[Stored entries]
-------
lemma reduced_exp_decay:
  assumes stable: "F_locally_exp_stable N k r \<alpha> (reduce N xe Me)"
    and "N \<ge> 1" and "k \<ge> 0" and Me: "inX Me"
  shows "\<exists>\<delta> C \<mu>. 0 < \<delta> \<and> \<delta> \<le> 1 \<and> C \<ge> 0 \<and> 0 < \<mu> \<and> \<mu> < 1 \<and>
    (\<forall>xs Ms t. S_solution N k r \<alpha> xs Ms \<and> Xdist (xs 0) (Ms 0) xe Me < \<delta> \<and> t \<ge> 0 \<longrightarrow>
      fdist N (reduce N (xs t) (Ms t)) (reduce N xe Me) \<le> C * Xdist (xs 0) (Ms 0) xe Me * exp (- \<mu> * t))"
proof -
  obtain \<delta>F C0 \<gamma> where "\<delta>F > 0" "\<gamma> > 0" and F_decay:
    "\<And>T U. T > 0 \<Longrightarrow> F_solution_on N k r \<alpha> T U \<Longrightarrow> fdist N (U 0) (reduce N xe Me) < \<delta>F \<Longrightarrow>
       \<forall>t\<in>{0..<T}. fdist N (U t) (reduce N xe Me) \<le> C0 * exp (- \<gamma> * t) * fdist N (U 0) (reduce N xe Me)"
    using stable unfolding F_locally_exp_stable_def by blast
  \<comment> \<open>kept below 1, the damping rate of every \<open>M\<^sub>i\<close>\<close>
  define \<mu> where "\<mu> = min \<gamma> 1 / 2"
  have "fdist N (reduce N (xs t) (Ms t)) (reduce N xe Me) \<le> 4 * \<bar>C0\<bar> * Xdist (xs 0) (Ms 0) xe Me * exp (- \<mu> * t)"
    if sol: "S_solution N k r \<alpha> xs Ms" and small: "Xdist (xs 0) (Ms 0) xe Me < min (\<delta>F / 4) 1"
      and "t \<ge> 0" for xs Ms and t :: real
  proof -
    define X0 where "X0 = Xdist (xs 0) (Ms 0) xe Me"
    define f0 where "f0 = fdist N (reduce N (xs 0) (Ms 0)) (reduce N xe Me)"
    have "f0 \<ge> 0"
      unfolding f0_def fdist_def by (simp add: sum_nonneg)
    have "f0 \<le> 4 * X0"
      unfolding f0_def X0_def using S_solutionD(1)[OF sol] Me by (simp add: fdist_reduce_le_Xdist)
    hence "f0 < \<delta>F"
      using small unfolding X0_def by simp
    hence "fdist N (reduce N (xs t) (Ms t)) (reduce N xe Me) \<le> C0 * exp (- \<gamma> * t) * f0"
      using F_decay[OF _ reduce_F_solution[OF sol \<open>k \<ge> 0\<close> \<open>N \<ge> 1\<close>], of "t + 1"] \<open>t \<ge> 0\<close>
      unfolding f0_def by simp
    also have "\<dots> \<le> \<bar>C0\<bar> * exp (- \<mu> * t) * (4 * X0)"
    proof (intro mult_mono)
      have "\<mu> \<le> \<gamma>"
        using \<open>\<gamma> > 0\<close> unfolding \<mu>_def by simp
      thus "exp (- \<gamma> * t) \<le> exp (- \<mu> * t)"
        using \<open>t \<ge> 0\<close> by (simp add: mult_right_mono)
    qed (use \<open>f0 \<ge> 0\<close> \<open>f0 \<le> 4 * X0\<close> in auto)
    finally show ?thesis
      unfolding X0_def by (simp add: algebra_simps)
  qed
  thus ?thesis
    using \<open>\<delta>F > 0\<close> \<open>\<gamma> > 0\<close> unfolding \<mu>_def
    by (intro exI[of _ "min (\<delta>F / 4) 1"] exI[of _ "4 * \<bar>C0\<bar>"] exI[of _ "min \<gamma> 1 / 2"]) auto
qed

lemma Xdist_exp_decay_up_to_tail:
  assumes equilibrium: "S_equilibrium N k r \<alpha> xe Me" and "k \<ge> 0"
    and "\<delta> \<le> 1" and "C \<ge> 0" and \<mu>: "0 < \<mu>" "\<mu> < 1"
    and reduced: "\<And>xs Ms t. S_solution N k r \<alpha> xs Ms \<Longrightarrow> Xdist (xs 0) (Ms 0) xe Me < \<delta> \<Longrightarrow> t \<ge> 0 \<Longrightarrow>
      fdist N (reduce N (xs t) (Ms t)) (reduce N xe Me) \<le> C * Xdist (xs 0) (Ms 0) xe Me * exp (- \<mu> * t)"
  shows "\<exists>L. \<forall>xs Ms t. S_solution N k r \<alpha> xs Ms \<and> Xdist (xs 0) (Ms 0) xe Me < \<delta> \<and> t \<ge> 0 \<longrightarrow>
      Xdist (xs t) (Ms t) xe Me \<le> L * Xdist (xs 0) (Ms 0) xe Me * exp (- \<mu> * t) + 2 * weighted_tail Me I"
proof -
  have Me: "inX Me" "\<And>i. Me i \<ge> 0" and eq: "\<And>i. S_rhs_M k r xe Me i = 0"
    using equilibrium unfolding S_equilibrium_def inXplus_def by auto
  define Bm where "Bm = (\<Sum>i. (real i + 1) * \<bar>Me i\<bar>)"
  have Me_bound: "0 \<le> Me i \<and> Me i \<le> Bm" for i
  proof -
    have "Me i \<le> (\<Sum>j\<in>{i}. (real j + 1) * \<bar>Me j\<bar>)"
      using Me(2)[of i] by (simp add: mult_le_cancel_right1)
    also have "\<dots> \<le> Bm"
      unfolding Bm_def using Me(1) unfolding inX_def by (intro sum_le_suminf) auto
    finally show ?thesis using Me(2) by blast
  qed
  define a b where "a = k * (xe + C) / (1 - \<mu>)" and "b = 1 + k * C * Bm / (1 - \<mu>)"
  define K where "K i = b * (\<Sum>j\<le>i. a ^ j)" for i
  have "Xdist (xs t) (Ms t) xe Me \<le> ((real N + 2) * C + 2 * (\<Sum>i<I. (real i + 1) * K i))
      * Xdist (xs 0) (Ms 0) xe Me * exp (- \<mu> * t) + 2 * weighted_tail Me I"
    if sol: "S_solution N k r \<alpha> xs Ms" and small: "Xdist (xs 0) (Ms 0) xe Me < \<delta>" and "t \<ge> 0"
    for xs Ms and t :: real
  proof -
    define X0 where "X0 = Xdist (xs 0) (Ms 0) xe Me"
    define E where "E s = X0 * exp (- \<mu> * s)" for s
    have fd: "fdist N (reduce N (xs s) (Ms s)) (reduce N xe Me) \<le> C * E s" if "s \<ge> 0" for s
      using reduced[OF sol small that] unfolding E_def X0_def by (simp add: mult.assoc)
    have x_decay: "\<bar>xs s - xe\<bar> \<le> C * X0 * exp (- \<mu> * s)" if "s \<ge> 0" for s
      using order_trans[OF abs_diff_le_fdist_reduce[OF S_solutionD(1)[OF sol that] Me(1)] fd[OF that]]
      unfolding E_def by (simp add: mult.assoc)
    have "X0 \<le> 1" "X0 \<ge> 0"
      using small \<open>\<delta> \<le> 1\<close> Xdist_nonneg[OF S_solutionD(1)[OF sol] Me(1)] unfolding X0_def by auto
    hence "X0 * exp (- \<mu> * s) \<le> 1" if "s \<ge> 0" for s
      using \<mu> that by (intro mult_le_one) auto
    hence "C * X0 * exp (- \<mu> * s) \<le> C" if "s \<ge> 0" for s
      using mult_left_le[OF _ \<open>C \<ge> 0\<close>] that by (simp add: mult.assoc)
    hence x_bound: "xs s \<le> xe + C" if "s \<ge> 0" for s
      using x_decay[OF that] that by force
    have comp: "\<bar>Ms t i - Me i\<bar> \<le> K i * E t" for i
      using component_exp_decay[OF sol \<open>k \<ge> 0\<close> eq Me_bound \<mu> \<open>C \<ge> 0\<close> _ x_decay x_bound \<open>t \<ge> 0\<close>]
        abs_component_le_Xdist[OF S_solutionD(1)[OF sol] Me(1)]
      unfolding K_def E_def a_def b_def X0_def by (simp add: mult.assoc)
    have "Xdist (xs t) (Ms t) xe Me \<le> (real N + 2) * fdist N (reduce N (xs t) (Ms t)) (reduce N xe Me)
        + 2 * (\<Sum>i<I. (real i + 1) * \<bar>Ms t i - Me i\<bar>) + 2 * weighted_tail Me I"
      using S_solutionD[OF sol \<open>t \<ge> 0\<close>] Me(1) by (intro Xdist_le_fdist_reduce) auto
    also have "\<dots> \<le> (real N + 2) * (C * E t) + 2 * (\<Sum>i<I. (real i + 1) * (K i * E t)) + 2 * weighted_tail Me I"
      using fd[OF \<open>t \<ge> 0\<close>] comp by (intro add_mono mult_left_mono sum_mono) auto
    also have "\<dots> = ((real N + 2) * C + 2 * (\<Sum>i<I. (real i + 1) * K i)) * X0 * exp (- \<mu> * t)
        + 2 * weighted_tail Me I"
      unfolding E_def by (simp add: algebra_simps sum_distrib_left sum_distrib_right)
    finally show ?thesis
      unfolding X0_def .
  qed
  thus ?thesis by blast
qed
-------
▶ _Your objective_
Starting with the first line above and ending with the line that holds "< \<delta>F \<Longrightarrow>", restate each line word for word and add nothing else.

▶ _Worked solution_
lemma reduced_exp_decay:
  assumes stable: "F_locally_exp_stable N k r \<alpha> (reduce N xe Me)"
    and "N \<ge> 1" and "k \<ge> 0" and Me: "inX Me"
  shows "\<exists>\<delta> C \<mu>. 0 < \<delta> \<and> \<delta> \<le> 1 \<and> C \<ge> 0 \<and> 0 < \<mu> \<and> \<mu> < 1 \<and>
    (\<forall>xs Ms t. S_solution N k r \<alpha> xs Ms \<and> Xdist (xs 0) (Ms 0) xe Me < \<delta> \<and> t \<ge> 0 \<longrightarrow>
      fdist N (reduce N (xs t) (Ms t)) (reduce N xe Me) \<le> C * Xdist (xs 0) (Ms 0) xe Me * exp (- \<mu> * t))"
proof -
  obtain \<delta>F C0 \<gamma> where "\<delta>F > 0" "\<gamma> > 0" and F_decay:
    "\<And>T U. T > 0 \<Longrightarrow> F_solution_on N k r \<alpha> T U \<Longrightarrow> fdist N (U 0) (reduce N xe Me) < \<delta>F \<Longrightarrow>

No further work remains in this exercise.